我想运行 cor.test() 在两个单独的数据帧上，但我不确定如何进行。

我有两个具有相同列（患者）但不同行（分别为细菌和基因）的示例数据框：

	1C	1L	2C	2L
Staphylococcus	10	400	20	600
Enterococcus	15	607	39	800

	1C	1L	2C	2L
IL4	60	300	90	450
IL8	30	600	54	750
TNFA	89	450	96	600

我想运行在两个数据帧之间进行 spearman 相关性测试，以确定细菌数量（丰度）是否与基因表达增加有关。所以基本上我想针对所有基因测试所有细菌。

我试过了运行宁:

cor.test(df1, df2, method = "spearman", alternative = c("two.sided"))

但是我得到这个错误：

Error in cor.test.default(df1, df2, method = "spearman",  : 
  'x' and 'y' must have the same length

Answer 1

我认为您遇到的问题是当函数采用相同长度的 x 和 y 向量时试图运行三个变量的相关性。

为了比较受试者的所有基因与所有细菌计数，您必须将它们转化为该函数可以使用的表格格式。
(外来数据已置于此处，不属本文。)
text \<open>By density, a 2-cell out of an object X is determined by its restrictions along the 1-cells
  u : D \<rightarrow> X with D \<in> \<D>, and a family of 2-cells indexed by these u is such a family of
  restrictions exactly when it is a modification. The map \<kappa> \<mapsto> (h \<kappa>) \<cdot> (\<phi> j) commutes with
  restriction along u, where it becomes the corresponding map for \<phi> j u, a bijection by
  hypothesis. Hence it is injective, and for \<psi> : f j \<Rightarrow> h k the unique lifts of the restrictions
  \<psi> u form a modification (again by uniqueness of lifts), which density glues to a preimage
  of \<psi>. Taking j to be an identity shows that \<phi> itself is a left lifting.\<close>

lemma mem_hom_iff [simp]: "f \<in> hom K A B \<longleftrightarrow> f \<in> Arr K \<and> src1 K f = A \<and> tgt1 K f = B"
  by (simp add: hom_def)

lemma mem_cells_iff [simp]: "\<theta> \<in> cells K f g \<longleftrightarrow> \<theta> \<in> Cel K \<and> dom2 K \<theta> = f \<and> cod2 K \<theta> = g"
  by (simp add: cells_def)

locale strict_two_category =
  fixes K :: "('o, 'a, 'c, 'm) two_cat_scheme"
  assumes two_category: "two_category K"
begin

lemma arr_endpoints_Ob [simp]:
  assumes "f \<in> Arr K"
  shows "src1 K f \<in> Ob K" "tgt1 K f \<in> Ob K"
  using two_category assms unfolding two_category_def by simp_all

lemma cel_arr [simp]:
  assumes "\<theta> \<in> Cel K"
  shows "dom2 K \<theta> \<in> Arr K" "cod2 K \<theta> \<in> Arr K"
    "src1 K (cod2 K \<theta>) = src1 K (dom2 K \<theta>)" "tgt1 K (cod2 K \<theta>) = tgt1 K (dom2 K \<theta>)"
  using two_category assms unfolding two_category_def by simp_all
(* Let $d\ge 2$. For the Gilbert--Steiner problem in $\mathbb{R}^d$ with cost $c(x)=x^{1/2}$, every branching point of every solution has degree at most $d+1$.
   Context: Let $\mu^+,\mu^-$ be finite measures on $\mathbb{R}^d$ with finite supports and equal total mass. A $(\mu^+,\mu^-)$-flow consists of a finite vertex set $V\subset\mathbb{R}^d$ containing the support of $\mu^+-\mu^-$, a finite set $E$ of unordered pairs $\{x,y\}\subset V$, and non-zero reals $m(x,y)=-m(y,x)$ on edges such that $\mu^+-\mu^-=\sum_{\{x,y\}\in E} m(x,y)(\delta_y-\delta_x)$. The Gilbert functional is $\sum_{\{x,y\}\in E}c(|m(x,y)|)\,|x-y|$; a solution is a flow minimizing it. Branching points are vertices not in $\operatorname{supp}\mu^+\cup\operatorname{supp}\mu^-$. *)

theory Defs
  imports "HOL-Analysis.Analysis"
begin

text \<open>A finite measure on a space with finite support is represented by its mass
function (nonnegative, finitely supported).\<close>

definition fin_supp_measure :: "('a \<Rightarrow> real) \<Rightarrow> bool" where
  "fin_supp_measure \<mu> \<longleftrightarrow> (\<forall>x. \<mu> x \<ge> 0) \<and> finite {x. \<mu> x \<noteq> 0}"

definition supp :: "('a \<Rightarrow> real) \<Rightarrow> 'a set" where
  "supp \<mu> = {x. \<mu> x \<noteq> 0}"

definition total_mass :: "('a \<Rightarrow> real) \<Rightarrow> real" where
  "total_mass \<mu> = (\<Sum>x\<in>supp \<mu>. \<mu> x)"

definition dirac :: "'a \<Rightarrow> 'a \<Rightarrow> real" where
  "dirac x = (\<lambda>z. if z = x then 1 else 0)"

definition edge_ends :: "'a set \<Rightarrow> 'a \<times> 'a" where
  "edge_ends e = (SOME p. fst p \<noteq> snd p \<and> e = {fst p, snd p})"

text \<open>The signed measure m(x,y)(\<delta>_y - \<delta>_x) attached to an edge {x,y}; independent of
the orientation chosen, by antisymmetry of m.\<close>
definition edge_measure :: "('a \<Rightarrow> 'a \<Rightarrow> real) \<Rightarrow> 'a set \<Rightarrow> 'a \<Rightarrow> real" where
  "edge_measure m e = (case edge_ends e of (x, y) \<Rightarrow> (\<lambda>z. m x y * (dirac y z - dirac x z)))"

definition is_flow ::
  "('a::metric_space \<Rightarrow> real) \<Rightarrow> ('a \<Rightarrow> real) \<Rightarrow> 'a set \<Rightarrow> 'a set set \<Rightarrow> ('a \<Rightarrow> 'a \<Rightarrow> real) \<Rightarrow> bool" where
  "is_flow \<mu>p \<mu>m V E m \<longleftrightarrow>
     finite V \<and> supp (\<lambda>z. \<mu>p z - \<mu>m z) \<subseteq> V \<and>
     finite E \<and> (\<forall>e\<in>E. \<exists>x y. x \<in> V \<and> y \<in> V \<and> x \<noteq> y \<and> e = {x, y}) \<and>
     (\<forall>x y. {x, y} \<in> E \<longrightarrow> m x y = - m y x \<and> m x y \<noteq> 0) \<and>
     (\<forall>z. \<mu>p z - \<mu>m z = (\<Sum>e\<in>E. edge_measure m e z))"

definition gilbert :: "(real \<Rightarrow> real) \<Rightarrow> 'a::metric_space set set \<Rightarrow> ('a \<Rightarrow> 'a \<Rightarrow> real) \<Rightarrow> real" where
  "gilbert c E m = (\<Sum>e\<in>E. case edge_ends e of (x, y) \<Rightarrow> c \<bar>m x y\<bar> * dist x y)"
您可以为此使用 tidyr 中的 pivot_longer()，然后合并以加入主题。

Bacteria <- data.frame(name=c("Staph", "Enter"), C1=c(10,15), L1=c(400,607), C2=c(20,39), L2=c(600, 800))
Genes <- data.frame(name=c("IL4", "IL8", "TNFA"), C1=c(60,30,89), L1=c(300,600,450), C2=c(90,54,96), L2=c(450,750,600))

Bacteria <- pivot_longer(Bacteria, -1, names_to = "Subject", values_to="Counts")
Genes <- pivot_longer(Genes, -1, names_to = "Subject", values_to="Counts")

FullSet <- merge(Bacteria, Genes, by="Subject", suffixes = c(".Bac", ".Gene"))

cor.test(FullSet$Counts.Bac, FullSet$Counts.Gene, method="spearman", alternative=c("two.sided"))

编辑以使用 p-value 矩阵

创建一个漂亮的 corrplot

library(tidyverse)
library(tidyr)

MakeStats <- function(x) {

result <- cor.test(x$Counts.Bac, x$Counts.Gene, method="spearman", alternative=c("two.sided"))
return(data.frame(Bacteria=x$name.Bac[1], Gene=x$name.Gene[1],    Estimate=result$estimate[1], PValue=result$p.value, row.names=NULL))
}

ListOfTests <- split(FullSet, list(FullSet$name.Bac, FullSet$name.Gene))
Results <- bind_rows(lapply(ListOfTests, MakeStats))
PValues <- Results[,-3]
Estimates <- Results[,-4]
Estimates <- pivot_wider(Estimates, id_cols="Gene", names_from="Bacteria", values_from="Estimate")
PValues <- pivot_wider(PValues, id_cols="Gene", names_from="Bacteria", values_from="PValue")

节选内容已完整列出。